Dataset excerpts:
lemma norm_intop_diff_le:
  fixes L G :: "(real^'k) \<times> (real^'k) \<Rightarrow> real^'n^'m"
  assumes Lm: "L \<in> borel_measurable borel" and Gm: "G \<in> borel_measurable borel"
    and KLG: "\<And>z. K_borel z = L z + G z" and \<xi>: "\<xi> \<in> \<Omega>"
    and Phi: "row_integral L \<xi> < \<infinity>" and sec: "AE s in M. K \<xi> s = K_borel (\<xi>, s)"
    and Gb: "\<And>s. s \<in> \<Omega> \<Longrightarrow> norm (G (\<xi>, s)) \<le> Mg" and Mg: "0 \<le> Mg"
    and Gu: "\<And>s c. s \<in> \<Omega> \<Longrightarrow> c \<in> \<Omega> \<Longrightarrow> dist s c \<le> \<Delta> \<Longrightarrow> norm (G (\<xi>, s) - G (\<xi>, c)) \<le> \<omega>"
    and om: "0 \<le> \<omega>"
  shows "norm (intop \<Omega> K x \<xi> - intop \<Omega> K x_disc \<xi>)
    \<le> 2 * r * enn2real (row_integral L \<xi>) powr (1/q) + error_bound \<omega> Mg"
proof -
  have Hm: "(\<lambda>s. L (\<xi>, s)) \<in> borel_measurable M" "(\<lambda>s. G (\<xi>, s)) \<in> borel_measurable M"
    using section_measurable Lm Gm by auto
  have fin: "(\<integral>\<^sup>+s. ennreal (norm (L (\<xi>, s)) powr q) \<partial>M) < \<infinity>"
    using Phi by (simp add: row_integral_def)
  note L_int = integrable_matrix_mult_Lq[OF Hm(1) fin]
  have G_int: "integrable M (\<lambda>s. G (\<xi>, s) *v y s)" if "y \<in> Bp p \<Omega> r" for y
    by (rule integrable_bounded_matrix_mult[OF Hm(2) _ that]) (rule Gb)
  note split = intop_split[OF _ sec KLG]
  let ?LI = "\<lambda>y. integral\<^sup>L M (\<lambda>s. L (\<xi>, s) *v y s)"
  let ?GI = "\<lambda>y. integral\<^sup>L M (\<lambda>s. G (\<xi>, s) *v y s)"
  have "intop \<Omega> K x \<xi> - intop \<Omega> K x_disc \<xi> = (?LI x - ?LI x_disc) + (?GI x - ?GI x_disc)"
    using split[OF x L_int(1)[OF x] G_int[OF x]]
      split[OF x_disc_in_Bp L_int(1)[OF x_disc_in_Bp] G_int[OF x_disc_in_Bp]]
    by (simp add: algebra_simps)
  then have "norm (intop \<Omega> K x \<xi> - intop \<Omega> K x_disc \<xi>) \<le> norm (?LI x - ?LI x_disc) + norm (?GI x - ?GI x_disc)"
    by (simp add: norm_triangle_ineq)
  moreover have "norm (?LI x - ?LI x_disc) \<le> norm (?LI x) + norm (?LI x_disc)"
    by (rule norm_triangle_ineq4)
  moreover have "norm (?LI x) \<le> enn2real (row_integral L \<xi>) powr (1/q) * r"
    using L_int(2)[OF x] by (simp add: row_integral_def)
  moreover have "norm (?LI x_disc) \<le> enn2real (row_integral L \<xi>) powr (1/q) * r"
    using L_int(2)[OF x_disc_in_Bp] by (simp add: row_integral_def)
  moreover have "norm (?GI x - ?GI x_disc) \<le> error_bound \<omega> Mg"
    by (rule continuous_part_estimate[where Mg = Mg and \<omega> = \<omega>])
      (use Gb Mg Gu om G_int x x_disc_in_Bp in auto)
  ultimately have "norm (intop \<Omega> K x \<xi> - intop \<Omega> K x_disc \<xi>)
      \<le> enn2real (row_integral L \<xi>) powr (1/q) * r + enn2real (row_integral L \<xi>) powr (1/q) * r + error_bound \<omega> Mg"
    by linarith
  then show ?thesis by (simp add: algebra_simps)
qed
text \<open>If \<open>E F - E H \<ge> 2 a\<close>, then \<open>v(Y) = F - H \<le> 0\<close> forces \<open>F\<close> or \<open>H\<close> to deviate from its mean by \<open>a\<close>.\<close>

lemma prob_Yd_v_fun_nonpos_le:
  assumes p: "0 \<le> p" "p \<le> 1" and d: "d \<ge> 1" and a: "a > 0"
    and gap: "real (card (dsimplices n d)) * no_free_facet_prob n d p
      - real (card (ridges n d)) * shared_prob n d p \<ge> 2 * a"
  shows "prob_Yd n d p (\<lambda>Y. v_fun n d Y \<le> 0)
     \<le> (real (card (dsimplices n d)) * (p + 2^(d+1) * (real n)\<^sup>2 * p\<^sup>2)
         + real (card (ridges n d)) * (real n * (real d + 1))) / a\<^sup>2"
proof -
  let ?M = "Pi_bernoulli (dsimplices n d) p"
  define F where "F \<omega> = (\<Sum>s\<in>dsimplices n d. indicator (no_free_facet_event n d s) \<omega>) 
    - real (card (dsimplices n d)) * no_free_facet_prob n d p" for \<omega>
  define H where "H \<omega> = (\<Sum>t\<in>ridges n d. indicator (shared_event n d t) \<omega>)
    - real (card (ridges n d)) * shared_prob n d p" for \<omega>
  have "{\<omega>. v_fun n d {s \<in> dsimplices n d. \<omega> s} \<le> 0} \<subseteq> {\<omega>. a \<le> \<bar>F \<omega>\<bar>} \<union> {\<omega>. a \<le> \<bar>H \<omega>\<bar>}"
  proof
    fix \<omega> assume "\<omega> \<in> {\<omega>. v_fun n d {s \<in> dsimplices n d. \<omega> s} \<le> 0}"
    then have "F \<omega> - H \<omega> \<le> - 2 * a"
      using v_fun_eq_indicator_sums[of n d \<omega>] gap unfolding F_def H_def by simp
    then show "\<omega> \<in> {\<omega>. a \<le> \<bar>F \<omega>\<bar>} \<union> {\<omega>. a \<le> \<bar>H \<omega>\<bar>}"
      by auto
  qed
  then have "prob_Yd n d p (\<lambda>Y. v_fun n d Y \<le> 0) \<le> measure_pmf.prob ?M ({\<omega>. a \<le> \<bar>F \<omega>\<bar>} \<union> {\<omega>. a \<le> \<bar>H \<omega>\<bar>})"
    unfolding prob_Yd_eq[OF p] by (rule measure_pmf.finite_measure_mono) simp
  also have "\<dots> \<le> measure_pmf.prob ?M {\<omega>. a \<le> \<bar>F \<omega>\<bar>} + measure_pmf.prob ?M {\<omega>. a \<le> \<bar>H \<omega>\<bar>}"
    by (rule measure_subadditive) (simp_all add: measure_pmf.emeasure_eq_measure)
  also have "\<dots> \<le> real (card (dsimplices n d)) * (p + 2^(d+1) * (real n)\<^sup>2 * p\<^sup>2) / a\<^sup>2
      + real (card (ridges n d)) * (real n * (real d + 1)) / a\<^sup>2"
    unfolding F_def H_def
    by (intro add_mono prob_no_free_facet_count_deviation_le prob_shared_count_deviation_le p a d)
  finally show ?thesis
    by (simp add: add_divide_distrib)
qed

section \<open>Asymptotics\<close>

lemma tendsto_one_minus_div_power: "(\<lambda>n. (1 - c / real n) ^ (n - k)) \<longlonglongrightarrow> exp (-c)"
proof -
  have "(\<lambda>n. (1 + (-c) / real n) ^ n / (1 - c / real n) ^ k) \<longlonglongrightarrow> exp (-c) / 1 ^ k"
    by (intro tendsto_divide tendsto_power tendsto_exp_limit_sequentially) (real_asymp, simp)
  moreover have "\<forall>\<^sub>F n in sequentially. (1 + (-c) / real n) ^ n / (1 - c / real n) ^ k = (1 - c / real n) ^ (n - k)"
  proof -
    have "\<forall>\<^sub>F n in sequentially. real n > \<bar>c\<bar> \<and> n \<ge> k"
      by (intro eventually_conj) real_asymp+
    then show ?thesis
    proof eventually_elim
      case (elim n)
      then have "1 - c / real n \<noteq> 0"
        by (auto simp: field_simps split: if_splits)
      then show ?case
        using elim by (simp add: power_diff)
    qed
  qed
  ultimately show ?thesis
    by (auto intro: Lim_transform_eventually)
qed

lemma tendsto_diff_times_div: "(\<lambda>n. real (n - d) * (c / real n)) \<longlonglongrightarrow> c"
proof -
  have "(\<lambda>n. (real n - real d) * (c / real n)) \<longlonglongrightarrow> c"
    by real_asymp
  moreover have "\<forall>\<^sub>F n in sequentially. (real n - real d) * (c / real n) = real (n - d) * (c / real n)"
    using eventually_ge_at_top[of d] by eventually_elim (simp add: of_nat_diff)
  ultimately show ?thesis
    by (rule Lim_transform_eventually)
qed

lemma tendsto_expectation_gap:
  "(\<lambda>n. real (n - d) / (real d + 1) * no_free_facet_prob n d (c / real n) - shared_prob n d (c / real n))
     \<longlonglongrightarrow> (g_fun d c - (real d + 1)) / (real d + 1)"
proof -
  have "(\<lambda>n. real (n - d) * (c / real n) / (real d + 1) * (1 - (1 - c / real n)^(n - d - 1))^(d + 1)
      - (1 - (1 - c / real n)^(n - d) - real (n - d) * (c / real n) * (1 - c / real n)^(n - d - 1)))
    \<longlonglongrightarrow> c / (real d + 1) * (1 - exp (-c))^(d + 1) - (1 - exp (-c) - c * exp (-c))"
    by (intro tendsto_intros tendsto_diff_times_div tendsto_one_minus_div_power
        tendsto_one_minus_div_power[of c "d + 1", folded diff_diff_left]) simp
  moreover have "c / (real d + 1) * (1 - exp (-c))^(d + 1) - (1 - exp (-c) - c * exp (-c))
      = (g_fun d c - (real d + 1)) / (real d + 1)"
    unfolding g_fun_def by (simp add: field_simps)
  ultimately show ?thesis
    unfolding no_free_facet_prob_def shared_prob_def by (simp add: field_simps)
qed

lemma binomial_Suc_mult_eq: "(n choose (d + 1)) * (d + 1) = (n choose d) * (n - d)"
proof (cases n)
  case (Suc m)
  have "(n choose (d + 1)) * (d + 1) = n * (m choose d)"
    using Suc_times_binomial_eq[of m d] Suc by simp
  also have "\<dots> = (n choose d) * (n - d)"
    using binomial_absorb_comp[of n d] Suc by (simp add: mult.commute)
  finally show ?thesis .
qed simp

lemma binomial_Suc_le_mult: "n choose (d + 1) \<le> n * (n choose d)"
proof -
  have "n choose (d + 1) \<le> (n choose (d + 1)) * (d + 1)"
    by simp
  also have "\<dots> \<le> n * (n choose d)"
    unfolding binomial_Suc_mult_eq by (simp add: mult.commute)
  finally show ?thesis .
qed

lemma binomial_ge_square_div:
  assumes "2 \<le> d" and "d \<le> n"
  shows "(real n)\<^sup>2 / (real d)\<^sup>2 \<le> real (n choose d)"
proof -
  have "(real n / real d)\<^sup>2 \<le> (real n / real d) ^ d"
    by (rule power_increasing) (use assms in auto)
  also have "\<dots> \<le> real (n choose d)"
    by (rule binomial_ge_n_over_k_pow_k[OF \<open>d \<le> n\<close>])
  finally show ?thesis
    by (simp add: power_divide)
qed

lemma prob_Yd_v_fun_nonpos_le_over_n:
  fixes c \<delta> :: real
  assumes d: "d \<ge> 2" and c: "c > 0" and \<delta>: "\<delta> > 0" and n: "n \<ge> d + 1" "real n \<ge> c"
    and gap: "real (n - d) / (real d + 1) * no_free_facet_prob n d (c / real n) - shared_prob n d (c / real n) > 2 * \<delta>"
  shows "prob_Yd n d (c / real n) (\<lambda>Y. v_fun n d Y \<le> 0)
     \<le> (c + 2^(d+1) * c\<^sup>2 + real d + 1) * (real d)\<^sup>2 / (\<delta>\<^sup>2 * real n)"
proof -
  define p where "p = c / real n"
  define R where "R = real (n choose d)"
  define K where "K = c + 2^(d+1) * c\<^sup>2 + real d + 1"
  have n0: "real n > 0"
    using n by simp
  have p: "0 \<le> p" "p \<le> 1"
    unfolding p_def using c n n0 by auto
  have R: "R > 0" "R \<ge> (real n)\<^sup>2 / (real d)\<^sup>2"
    unfolding R_def using n binomial_ge_square_div[OF d] by auto
  have D: "real (card (dsimplices n d)) = R * real (n - d) / (real d + 1)"
    using arg_cong[where f = real, OF binomial_Suc_mult_eq[of n d]]
    unfolding card_dsimplices R_def by (simp add: field_simps)
  have "real (card (dsimplices n d)) * no_free_facet_prob n d p - real (card (ridges n d)) * shared_prob n d p
      = R * (real (n - d) / (real d + 1) * no_free_facet_prob n d p - shared_prob n d p)"
    unfolding D card_ridges R_def by (simp add: field_simps)
  also have "\<dots> \<ge> 2 * (\<delta> * R)"
    using gap R(1) unfolding p_def by (simp add: mult_left_mono)
  finally have gap': "real (card (dsimplices n d)) * no_free_facet_prob n d p
      - real (card (ridges n d)) * shared_prob n d p \<ge> 2 * (\<delta> * R)" .
  have "prob_Yd n d p (\<lambda>Y. v_fun n d Y \<le> 0)
     \<le> (real (card (dsimplices n d)) * (p + 2^(d+1) * (real n)\<^sup>2 * p\<^sup>2) + R * (real n * (real d + 1))) / (\<delta> * R)\<^sup>2"
    using prob_Yd_v_fun_nonpos_le[OF p _ _ gap'] d \<delta> R unfolding card_ridges R_def by simp
  also have "\<dots> \<le> R * real n * K / (\<delta> * R)\<^sup>2"
  proof (intro divide_right_mono)
    have "real (card (dsimplices n d)) \<le> R * real n"
      using binomial_Suc_le_mult[of n d] unfolding card_dsimplices R_def
      by (metis mult.commute of_nat_le_iff of_nat_mult)
    moreover have "p + 2^(d+1) * (real n)\<^sup>2 * p\<^sup>2 \<le> c + 2^(d+1) * c\<^sup>2"
      unfolding p_def using c n n0 by (simp add: field_simps power2_eq_square)
    ultimately have "real (card (dsimplices n d)) * (p + 2^(d+1) * (real n)\<^sup>2 * p\<^sup>2) \<le> R * real n * (c + 2^(d+1) * c\<^sup>2)"
      using p by (intro mult_mono) auto
    then show "real (card (dsimplices n d)) * (p + 2^(d+1) * (real n)\<^sup>2 * p\<^sup>2) + R * (real n * (real d + 1))
        \<le> R * real n * K"
      unfolding K_def by (simp add: algebra_simps)
  qed simp
  also have "\<dots> = real n * K / (\<delta>\<^sup>2 * R)"
    using R by (simp add: field_simps power2_eq_square)
  also have "\<dots> \<le> real n * K / (\<delta>\<^sup>2 * ((real n)\<^sup>2 / (real d)\<^sup>2))"
    using R \<delta> n0 d c unfolding K_def by (intro divide_left_mono mult_left_mono mult_pos_pos) auto
  also have "\<dots> = K * (real d)\<^sup>2 / (\<delta>\<^sup>2 * real n)"
    using n0 d \<delta> by (simp add: field_simps power2_eq_square)
  finally show ?thesis
    unfolding p_def K_def .
qed

lemma prob_Yd_nonneg: "0 \<le> p \<Longrightarrow> p \<le> 1 \<Longrightarrow> 0 \<le> prob_Yd n d p P"
  unfolding prob_Yd_def by (intro sum_nonneg mult_nonneg_nonneg) auto

theorem theorem5:
  fixes d :: nat and c :: real
  assumes "d \<ge> 2" and "c > c_crit d"
  shows "(\<lambda>n. prob_Yd n d (c / real n) (\<lambda>Y. v_fun n d Y \<le> 0)) \<longlonglongrightarrow> 0"
proof -
  define \<gamma> where "\<gamma> = (g_fun d c - (real d + 1)) / (real d + 1)"
  define \<delta> where "\<delta> = \<gamma> / 3"
  define K where "K = c + 2^(d+1) * c\<^sup>2 + real d + 1"
  have c: "c > 0"
    using c_crit_root(1)[OF assms(1)] assms(2) by linarith
  have \<gamma>: "\<gamma> > 0"
    unfolding \<gamma>_def using g_fun_gt_above_c_crit[OF assms] by simp
  then have \<delta>: "\<delta> > 0"
    unfolding \<delta>_def by simp
  have "2 * \<delta> < \<gamma>"
    unfolding \<delta>_def using \<gamma> by simp
  then have "\<forall>\<^sub>F n in sequentially. real (n - d) / (real d + 1) * no_free_facet_prob n d (c / real n)
      - shared_prob n d (c / real n) > 2 * \<delta>"
    unfolding \<gamma>_def by (rule order_tendstoD(1)[OF tendsto_expectation_gap])
  moreover have large: "\<forall>\<^sub>F n in sequentially. n \<ge> d + 1 \<and> real n \<ge> c"
    by (intro eventually_conj) real_asymp+
  ultimately have upper: "\<forall>\<^sub>F n in sequentially.
      prob_Yd n d (c / real n) (\<lambda>Y. v_fun n d Y \<le> 0) \<le> K * (real d)\<^sup>2 / (\<delta>\<^sup>2 * real n)"
    unfolding K_def by eventually_elim (rule prob_Yd_v_fun_nonpos_le_over_n[OF assms(1) c \<delta>], auto)
  have lower: "\<forall>\<^sub>F n in sequentially. 0 \<le> prob_Yd n d (c / real n) (\<lambda>Y. v_fun n d Y \<le> 0)"
    using large by eventually_elim (use c in \<open>simp add: prob_Yd_nonneg\<close>)
  have "(\<lambda>n. K * (real d)\<^sup>2 / (\<delta>\<^sup>2 * real n)) \<longlonglongrightarrow> 0"
    using lim_const_over_n[of "K * (real d)\<^sup>2 / \<delta>\<^sup>2"] by (simp add: divide_divide_eq_left)
  then show ?thesis
    by (rule tendsto_sandwich[OF lower upper tendsto_const])
qed

end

Required work: The reply should consist only of the line containing "by (rule tendsto_sandwich[OF" and all lines after it in the listing above, reproduced exactly.

Solved problem:
    by (rule tendsto_sandwich[OF lower upper tendsto_const])
qed

end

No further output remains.